# Neuen RAM



## Cheris (25. März 2005)

Hallo allle zusammen,

ich wollt euch heut so ziemlich eine Anfängerfrage überhaupt stellen, deswegen bitte nicht lachen   

Ich kenn mich zwar mit Software, Programmierung ziemlich gut aus, aber mit Hardware habe ich mich noch nicht so richtig außeinander gesetzt *schäm* Deswegen nun meine Frage:

Und zwar möchte ich mir einen neuen RAM Riegel kaufen. So entweder 128 oder höchstens 256 das reicht vor erst einmal.

So nun meine Frage, was muss ich beim Kauf beachten?
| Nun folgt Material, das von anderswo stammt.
(* Let $\mathbb{X}\in\{\mathbb{H},\mathbb{E},\mathbb{S}\}$, $d\ge 2$, let $p,q,x\in\mathbb{X}^d$, let $pq$ be a shortest geodesic segment from $p$ to $q$, and let $y$ be the point of $pq$ closest to $x$. Let $\varepsilon\in(0,1]$. If $|xy|\le\sqrt{\varepsilon}\,\min\{|py|,|qy|\}$, then (i) if $\mathbb{X}\in\{\mathbb{E},\mathbb{S}\}$: $|px|+|xq|\le(1+\varepsilon)|pq|$; (ii) if $\mathbb{X}=\mathbb{H}$ and $|pq|\le\Delta$ for some $\Delta>0$: $|px|+|xq|\le(1+e^{\Delta}\varepsilon)|pq|$.
   Context: $\mathbb{E}^d$ is Euclidean $d$-space, $\mathbb{S}^d$ the unit sphere in $\mathbb{R}^{d+1}$ with geodesic (great-circle) metric, $\mathbb{H}^d$ hyperbolic $d$-space of curvature $-1$; $|ab|$ denotes the distance between $a$ and $b$ in the respective space. *)

theory Defs
  imports "HOL-Analysis.Analysis"
begin

text \<open>Model spaces of dimension d = DIM('a).
  E^d is 'a itself with the Euclidean distance dist.
  S^d is the unit sphere of R^{d+1} = real \<times> 'a with the great-circle distance.
  H^d is the upper sheet of the hyperboloid t^2 - |v|^2 = 1 in real \<times> 'a
  (curvature -1), with distance arcosh of the Minkowski (Lorentzian) product.\<close>

definition sph_space :: "(real \<times> 'a::euclidean_space) set" where
  "sph_space = {z. norm z = 1}"

definition sph_dist :: "real \<times> 'a::euclidean_space \<Rightarrow> real \<times> 'a \<Rightarrow> real" where
  "sph_dist z w = arccos (z \<bullet> w)"

definition hyp_space :: "(real \<times> 'a::euclidean_space) set" where
  "hyp_space = {(t, v). t > 0 \<and> t\<^sup>2 - (norm v)\<^sup>2 = 1}"
definition consistent :: "nat \<Rightarrow> state \<Rightarrow> (nat \<times> nat) set \<Rightarrow> bool" where
  "consistent n s P \<longleftrightarrow> (\<forall>a l. s a l \<noteq> None \<longleftrightarrow> (a, l) \<in> P) \<and> (\<forall>a l d. s a l = Some d \<longrightarrow> d < n)
     \<and> (\<forall>a a' l d. s a l = Some d \<longrightarrow> s a' l = Some d \<longrightarrow> a = a')"

lemma consistent_empty: "consistent n (\<lambda>_ _. None) {}"
  by (simp add: consistent_def)

lemma consistent_assign:
  assumes "consistent n s P" "d \<in> avail_items n s i" "(a, i) \<notin> P"
  shows "consistent n (assign s a i d) (insert (a, i) P)"
proof -
  have "s a i = None"
    using assms(1,3) unfolding consistent_def by blast
  moreover have "\<And>a'. s a' i \<noteq> Some d" "d < n"
    using assms(2) by (auto simp: avail_items_def)
  ultimately
  show ?thesis
    using assms(1) unfolding consistent_def assign_apply by (auto split: if_splits)
qed

lemma avail_items_eq: "avail_items n s l = {..<n} - {d. \<exists>a. s a l = Some d}"
  by (auto simp: avail_items_def)

lemma finite_avail_items: "finite (avail_items n s l)"
  by (simp add: avail_items_eq)

lemma card_assigned_items:
  assumes "consistent n s P"
  shows "card {d. \<exists>a. s a l = Some d} = card {a. (a, l) \<in> P}"
proof -
  have P: "{a. (a, l) \<in> P} = {a. s a l \<noteq> None}"
    using assms by (simp add: consistent_def)
  have "inj_on (\<lambda>a. the (s a l)) {a. s a l \<noteq> None}"
  proof (rule inj_onI)
    fix x y assume "x \<in> {a. s a l \<noteq> None}" "y \<in> {a. s a l \<noteq> None}" "the (s x l) = the (s y l)"
    then obtain e where "s x l = Some e" "s y l = Some e" by auto
    with assms show "x = y" by (auto simp: consistent_def)
  qed
  moreover have "(\<lambda>a. the (s a l)) ` {a. s a l \<noteq> None} = {d. \<exists>a. s a l = Some d}"
    by (auto simp: image_iff) (metis option.sel)
  ultimately show ?thesis unfolding P by (metis card_image)
qed

lemma card_avail_items:
  assumes "consistent n s P"
  shows "card (avail_items n s l) = n - card {a. (a, l) \<in> P}"
proof -
  have "{d. \<exists>a. s a l = Some d} \<subseteq> {..<n}"
    using assms by (auto simp: consistent_def)
  then show ?thesis
    unfolding avail_items_eq card_assigned_items[OF assms, symmetric]
    by (simp add: card_Diff_subset finite_subset)
qed

lemma avail_items_nonempty:
  assumes "consistent n s P" "P \<subseteq> {..<n} \<times> UNIV" "a < n" "(a, l) \<notin> P"
  shows "avail_items n s l \<noteq> {}"
proof -
  have "{a'. (a', l) \<in> P} \<subseteq> {..<n} - {a}"
    using assms(2,4) by auto
  then have "card {a'. (a', l) \<in> P} \<le> n - 1"
    using card_mono[of "{..<n} - {a}"] assms(3) by fastforce
  then have "card (avail_items n s l) > 0"
    using card_avail_items[OF assms(1)] assms(3) by simp
  then show ?thesis by auto
qed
Hab da mal von so neuen Riegeln gehört, die nicht mit den alten in den PC sollen, und das irretiert mich ein wenig.

Also bitte helft mir auch wenns eine blöde Frage ist!


----------



## Alex Duschek (25. März 2005)

Um dir da zu helfen sind aber Daten deines PCs notwendig,insbesondere Mainboard und bisheriger Arbeitsspeicher.Schreib beim nächsten Mal die Angaben rein 

Grundsätzlich ist es immer sinnvoll 2 Ram-Riegel vom gleichen Typ und gleichem Hersteller im Rechner zu haben,das vermindert die Chance auf Komplikationen


----------



## Cheris (25. März 2005)

:-(  wie kann ich die Rausfinden ohne den PC aufschrauben zu müssen? Im Gerätemanage hab ich nämlich nichts gefunden. HELP!


----------



## Cheris (25. März 2005)

Also ich hab jetzt folgendes rausgefunden:

Mainboard:
Motherboard Eigenschaften	
Motherboard ID 	01/24/2003-SiS-648-6A7I0M4MC-00
Motherboard Name	MSI MS-6701 (Medion OEM)
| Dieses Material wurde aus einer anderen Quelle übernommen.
lemma alt_odd_in_gen_subalg:
  fixes q :: "'a::field"
  assumes "q \<noteq> 0" and "q^2 \<noteq> 1" and "wvec (alt_even a k) \<in> gen_subalg q"
  shows "wvec (alt_odd a k) \<in> gen_subalg q"
proof -
  have "scal (1 - q^2) (wvec (alt_odd a k)) \<in> gen_subalg q"
    unfolding qcommutator_letter_alt_even[OF assms(1), symmetric]
    by (intro qcommutator_in_gen_subalg letter_in_gen_subalg assms(3))
  with assms(2) show ?thesis by (simp add: scal_in_gen_subalg_iff)
qed

lemma alt_even_in_gen_subalg:
  fixes q :: "'a::field"
  assumes q0: "q \<noteq> 0" and q2: "q^2 \<noteq> 1" and qm: "q^(2 * Suc m) \<noteq> -1"
    and even: "\<And>c i. i \<le> m \<Longrightarrow> wvec (alt_even c i) \<in> gen_subalg q"
    and odd: "\<And>c i. i \<le> m \<Longrightarrow> wvec (alt_odd c i) \<in> gen_subalg q"
  shows "wvec (alt_even a (Suc m)) \<in> gen_subalg q"
proof -
  define A B :: "'a V" and Q
    where "A = wvec (alt_even a (Suc m))" and "B = wvec (alt_even (other a) (Suc m))"
      and "Q = q^(2 * Suc m)"
  have "scal (q^2 - 1) (A - B) \<in> gen_subalg q"
    unfolding A_def B_def qcommutator_letter_alt_odd[OF q0, symmetric]
    by (intro gen_subalg.smul qcommutator_in_gen_subalg letter_in_gen_subalg odd) simp
  then have "A - B \<in> gen_subalg q"
    using q2 by (simp add: scal_in_gen_subalg_iff)
  txt \<open>The extreme terms of the convolution; all others involve shorter alternating words.\<close>
  moreover have "B + scal Q A = scal (q^2) (shuffle_convolution q m (alt_odd a) (alt_odd (other a)))
      - (\<Sum>i<m. scal (q^(2 * Suc i)) (wshuffle q (alt_even a (Suc i)) (alt_even (other a) (m - i))))"
    using shuffle_convolution_Suc_ends[of q m "alt_even a" "alt_even (other a)"]
      shuffle_convolution_alt_even[OF q0, of m a]
    by (simp add: A_def B_def Q_def algebra_simps)
  then have "B + scal Q A \<in> gen_subalg q"
    by (simp only:) (intro diff_in_gen_subalg gen_subalg.smul sum_in_gen_subalg wshuffle_in_gen_subalg
        shuffle_convolution_in_gen_subalg even odd; simp)
  ultimately have "(A - B) + (B + scal Q A) \<in> gen_subalg q"
    by (rule gen_subalg.add)
  also have "(A - B) + (B + scal Q A) = scal (1 + Q) A"
    by (rule poly_mapping_eqI) (simp add: lookup_add lookup_minus algebra_simps)
  finally show ?thesis
    using qm by (simp add: A_def Q_def scal_in_gen_subalg_iff add_eq_0_iff)
qed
Front Side Bus Eigenschaften	
Bustyp	Intel NetBurst
Busbreite	64 Bit
Tatsächlicher Takt	100 MHz (QDR)
Effektiver Takt	400 MHz
Bandbreite	3200 MB/s

Chipsatzbus-Eigenschaften	
Bustyp	SiS MuTIOL
Busbreite	16 Bit

Und RAM:

Arbeitsspeicher Eigenschaften	
Modulname	Samsung M3 68L6423DTM-CB3
Seriennummer	430F131Eh
Herstellungsdatum	Woche 8 / 2003
Modulgröße	512 MB (2 rows, 4 banks)
Modulart	Unbuffered
Speicherart	DDR SDRAM
Speichergeschwindigkeit	PC2700 (166 MHz)
Modulbreite	64 bit
Modulspannung	SSTL 2.5
Fehlerkorrekturmethode	Keine
Auffrischungsrate	Reduziert (7.8 us), Self-Refresh
Maximale CAS Wartezeit 	2.5 (6.0 ns @ 166 MHz)
2te Maximale CAS Wartezeit	2.0 (7.5 ns @ 133 MHz)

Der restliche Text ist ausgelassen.